# How to complete this task
Once the line containing "constant exactly on" has been written out, stop; until then, restate each line of the entries below word for word from the first.

# Saved data entries
text \<open>A labelling is encoded as a map c from points to labels which is
  constant exactly on cycles (so it is a bijection cycles -> labels).\<close>
definition monotone_hurwitz_data :: "nat \<Rightarrow> nat list \<Rightarrow> ((nat \<times> nat) list \<times> (nat \<Rightarrow> nat)) set" where
  "monotone_hurwitz_data g mu =
    (let d = sum_list mu; n = length mu; m = 2 * g + n + d - 2 in
     {(ts, c). length ts = m
        \<and> (\<forall>(a, b) \<in> set ts. a < b \<and> b < d)
        \<and> sorted (map snd ts)
        \<and> transitive_transp d ts
        \<and> c \<in> {..<d} \<rightarrow>\<^sub>E {..<n}
        \<and> (\<forall>x\<in>{..<d}. \<forall>y\<in>{..<d}. c x = c y \<longleftrightarrow> same_cycle (prod_transp ts) x y)
        \<and> (\<forall>i<n. card {x\<in>{..<d}. c x = i} = mu ! i)})"

definition monotone_hurwitz :: "nat \<Rightarrow> nat list \<Rightarrow> real" where
  "monotone_hurwitz g mu = real (card (monotone_hurwitz_data g mu)) / fact (sum_list mu)"

definition F01 :: "real fps" where
  "F01 = Abs_fps (\<lambda>k. if k = 0 then 0 else monotone_hurwitz 0 [k])"

end

theory Submission
  imports Defs "HOL-Library.Multiset" "HOL-Combinatorics.Cycles"
    "HOL-Analysis.Generalised_Binomial_Theorem"
begin

text \<open>
  Read a tuple of transpositions as the edge list of a graph on the points. A transitive monotone
  tuple of \<open>\<mu> - 1\<close> transpositions is then a spanning tree of \<open>{0..<\<mu>}\<close> whose edges are sorted
  by their larger endpoint. Its last edge is \<open>(a, max)\<close>; removing it leaves a monotone tree on
  the component \<open>X\<close> of \<open>a\<close> and one on the rest, and conversely any such pair of trees and any
  \<open>a \<in> X\<close> glue back uniquely. Hence the number \<open>T(n)\<close> of monotone trees on \<open>n\<close> points satisfies
  \<open>T(n) = \<Sum>j. C(n-1, j) j T(j) T(n-j)\<close>, i.e. \<open>T(n) = (n-1)! Cat(n-1)\<close>. The product of the
  tree is a single \<open>\<mu>\<close>-cycle, since the last transposition splices the cycles of the two
  subtrees, so the labelling is forced and \<open>H_{0,1}(\<mu>) = Cat(\<mu>-1)/\<mu>\<close>.
  The Catalan series \<open>z\<close> is the unique solution of \<open>x z\<^sup>2 = z - 1\<close> with \<open>z(0) = 1\<close>, and so
  equals \<open>(1 - \<surd>(1 - 4x))/(2x)\<close>; expanding the square root binomially gives the closed form.
\<close>

unbundle no vec_syntax
hide_const (open) Finite_Cartesian_Product.transpose
notation fps_nth (infixl \<open>$\<close> 75)

section \<open>Transpositions as graph edges\<close>

definition transp_step :: "(nat \<times> nat) list \<Rightarrow> nat rel" where
  "transp_step ts = {(u, transpose a b u) | u a b. (a, b) \<in> set ts}"

definition transp_connected :: "nat set \<Rightarrow> (nat \<times> nat) list \<Rightarrow> bool" where
  "transp_connected V ts \<longleftrightarrow> (\<forall>x\<in>V. \<forall>y\<in>V. (x, y) \<in> (transp_step ts)\<^sup>*)"

definition transps_within :: "nat set \<Rightarrow> (nat \<times> nat) list \<Rightarrow> bool" where
  "transps_within V ts \<longleftrightarrow> (\<forall>(a, b)\<in>set ts. a \<in> V \<and> b \<in> V)"

definition transps_closed :: "nat set \<Rightarrow> (nat \<times> nat) list \<Rightarrow> bool" where
  "transps_closed X ts \<longleftrightarrow> (\<forall>(a, b)\<in>set ts. a \<in> X \<longleftrightarrow> b \<in> X)"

# Expected answer
text \<open>A labelling is encoded as a map c from points to labels which is
  constant exactly on cycles (so it is a bijection cycles -> labels).\<close>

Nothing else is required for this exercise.